- **TRY IT**
From the data, copy out every line in which the word "metis" appears.

[Extracted records]
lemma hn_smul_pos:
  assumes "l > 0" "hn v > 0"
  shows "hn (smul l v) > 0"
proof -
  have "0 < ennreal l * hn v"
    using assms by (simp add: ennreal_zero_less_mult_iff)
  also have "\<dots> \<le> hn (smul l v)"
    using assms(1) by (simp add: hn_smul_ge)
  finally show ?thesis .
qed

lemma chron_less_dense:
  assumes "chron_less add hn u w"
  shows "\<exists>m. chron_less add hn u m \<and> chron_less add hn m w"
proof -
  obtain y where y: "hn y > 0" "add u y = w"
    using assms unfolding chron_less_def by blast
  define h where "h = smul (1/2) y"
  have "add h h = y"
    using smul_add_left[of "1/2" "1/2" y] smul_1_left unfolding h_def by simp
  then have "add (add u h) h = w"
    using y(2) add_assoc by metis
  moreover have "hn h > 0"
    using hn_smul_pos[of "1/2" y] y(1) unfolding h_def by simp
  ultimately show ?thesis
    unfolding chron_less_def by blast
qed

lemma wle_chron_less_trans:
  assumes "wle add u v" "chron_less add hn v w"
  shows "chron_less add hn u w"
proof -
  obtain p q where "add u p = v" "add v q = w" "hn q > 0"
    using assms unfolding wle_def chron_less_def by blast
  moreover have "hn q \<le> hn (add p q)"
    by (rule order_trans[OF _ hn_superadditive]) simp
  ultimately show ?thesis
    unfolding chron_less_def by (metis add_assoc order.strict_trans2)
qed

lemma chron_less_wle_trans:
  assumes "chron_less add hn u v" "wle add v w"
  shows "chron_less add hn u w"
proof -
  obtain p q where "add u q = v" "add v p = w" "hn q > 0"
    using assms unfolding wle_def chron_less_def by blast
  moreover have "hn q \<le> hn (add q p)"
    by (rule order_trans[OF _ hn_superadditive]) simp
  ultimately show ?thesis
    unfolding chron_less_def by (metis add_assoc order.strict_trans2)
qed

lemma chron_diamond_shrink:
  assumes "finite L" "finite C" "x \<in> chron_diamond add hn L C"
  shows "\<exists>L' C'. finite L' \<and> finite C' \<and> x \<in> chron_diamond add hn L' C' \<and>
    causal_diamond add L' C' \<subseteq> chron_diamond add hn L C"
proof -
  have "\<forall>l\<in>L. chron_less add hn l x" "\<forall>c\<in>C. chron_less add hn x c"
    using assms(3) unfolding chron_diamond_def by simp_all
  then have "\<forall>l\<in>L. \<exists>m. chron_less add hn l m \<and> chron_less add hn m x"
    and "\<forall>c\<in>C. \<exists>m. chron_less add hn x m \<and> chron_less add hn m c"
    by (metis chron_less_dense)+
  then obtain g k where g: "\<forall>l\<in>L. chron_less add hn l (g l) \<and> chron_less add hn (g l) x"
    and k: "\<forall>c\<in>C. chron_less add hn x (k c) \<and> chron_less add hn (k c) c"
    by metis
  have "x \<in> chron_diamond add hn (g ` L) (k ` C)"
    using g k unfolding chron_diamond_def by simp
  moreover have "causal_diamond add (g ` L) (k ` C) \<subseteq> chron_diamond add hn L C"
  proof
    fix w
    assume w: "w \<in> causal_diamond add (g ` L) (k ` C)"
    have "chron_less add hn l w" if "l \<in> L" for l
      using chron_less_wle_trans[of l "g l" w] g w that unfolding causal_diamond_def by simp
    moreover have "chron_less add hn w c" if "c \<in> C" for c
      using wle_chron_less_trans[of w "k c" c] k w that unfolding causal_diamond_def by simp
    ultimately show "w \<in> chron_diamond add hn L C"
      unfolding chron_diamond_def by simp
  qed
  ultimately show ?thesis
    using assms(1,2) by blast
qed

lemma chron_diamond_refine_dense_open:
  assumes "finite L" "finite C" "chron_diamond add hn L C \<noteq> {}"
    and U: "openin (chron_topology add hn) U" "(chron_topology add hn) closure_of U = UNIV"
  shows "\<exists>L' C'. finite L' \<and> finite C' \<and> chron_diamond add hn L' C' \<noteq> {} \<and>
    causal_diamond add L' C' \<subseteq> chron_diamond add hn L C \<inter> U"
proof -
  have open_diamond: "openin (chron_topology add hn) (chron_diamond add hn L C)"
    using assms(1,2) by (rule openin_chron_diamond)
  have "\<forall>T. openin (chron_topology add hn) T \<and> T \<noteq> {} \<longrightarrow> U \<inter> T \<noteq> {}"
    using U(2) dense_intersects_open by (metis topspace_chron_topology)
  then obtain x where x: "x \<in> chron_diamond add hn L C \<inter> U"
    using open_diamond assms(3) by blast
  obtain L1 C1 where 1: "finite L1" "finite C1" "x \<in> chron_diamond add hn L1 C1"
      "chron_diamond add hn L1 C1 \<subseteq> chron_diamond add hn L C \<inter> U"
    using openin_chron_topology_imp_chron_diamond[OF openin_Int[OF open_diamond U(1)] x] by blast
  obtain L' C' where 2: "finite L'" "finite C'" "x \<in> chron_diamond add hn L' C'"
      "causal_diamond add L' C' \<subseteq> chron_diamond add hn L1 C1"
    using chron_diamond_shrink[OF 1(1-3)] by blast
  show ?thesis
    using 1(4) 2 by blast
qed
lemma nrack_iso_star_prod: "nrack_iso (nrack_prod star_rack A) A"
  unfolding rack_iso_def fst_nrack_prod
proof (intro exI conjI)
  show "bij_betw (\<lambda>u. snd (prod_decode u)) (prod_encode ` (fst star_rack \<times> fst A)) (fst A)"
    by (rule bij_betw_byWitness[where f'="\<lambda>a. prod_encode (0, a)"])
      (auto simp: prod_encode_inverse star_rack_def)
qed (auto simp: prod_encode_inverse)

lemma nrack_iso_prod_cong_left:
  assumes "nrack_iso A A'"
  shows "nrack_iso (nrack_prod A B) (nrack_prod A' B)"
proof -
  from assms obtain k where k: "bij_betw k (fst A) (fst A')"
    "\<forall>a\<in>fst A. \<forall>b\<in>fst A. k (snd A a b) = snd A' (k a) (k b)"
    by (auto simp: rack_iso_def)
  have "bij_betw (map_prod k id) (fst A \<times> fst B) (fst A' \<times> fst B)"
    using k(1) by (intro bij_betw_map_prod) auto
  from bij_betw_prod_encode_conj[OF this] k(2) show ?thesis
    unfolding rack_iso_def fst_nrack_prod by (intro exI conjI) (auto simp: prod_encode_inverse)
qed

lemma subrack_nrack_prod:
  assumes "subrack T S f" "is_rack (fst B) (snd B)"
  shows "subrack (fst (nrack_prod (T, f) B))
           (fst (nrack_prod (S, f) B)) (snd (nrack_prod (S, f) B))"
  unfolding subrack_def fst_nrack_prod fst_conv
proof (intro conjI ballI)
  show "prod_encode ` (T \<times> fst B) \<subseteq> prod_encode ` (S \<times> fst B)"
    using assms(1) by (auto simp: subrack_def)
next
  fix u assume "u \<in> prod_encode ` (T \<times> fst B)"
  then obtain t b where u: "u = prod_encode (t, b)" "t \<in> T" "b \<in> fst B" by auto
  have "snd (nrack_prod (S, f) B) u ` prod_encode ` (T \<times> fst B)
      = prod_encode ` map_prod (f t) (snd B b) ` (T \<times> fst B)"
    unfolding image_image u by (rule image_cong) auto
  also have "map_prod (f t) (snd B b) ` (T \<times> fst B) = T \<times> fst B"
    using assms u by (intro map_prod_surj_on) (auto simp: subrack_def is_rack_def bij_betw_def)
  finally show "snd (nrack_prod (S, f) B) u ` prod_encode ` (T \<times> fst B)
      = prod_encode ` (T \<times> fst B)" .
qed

- **ANSWER TO THE EXERCISE**
    using y(2) add_assoc by metis
    unfolding chron_less_def by (metis add_assoc order.strict_trans2)
    unfolding chron_less_def by (metis add_assoc order.strict_trans2)
    by (metis chron_less_dense)+
    by metis
    using U(2) dense_intersects_open by (metis topspace_chron_topology)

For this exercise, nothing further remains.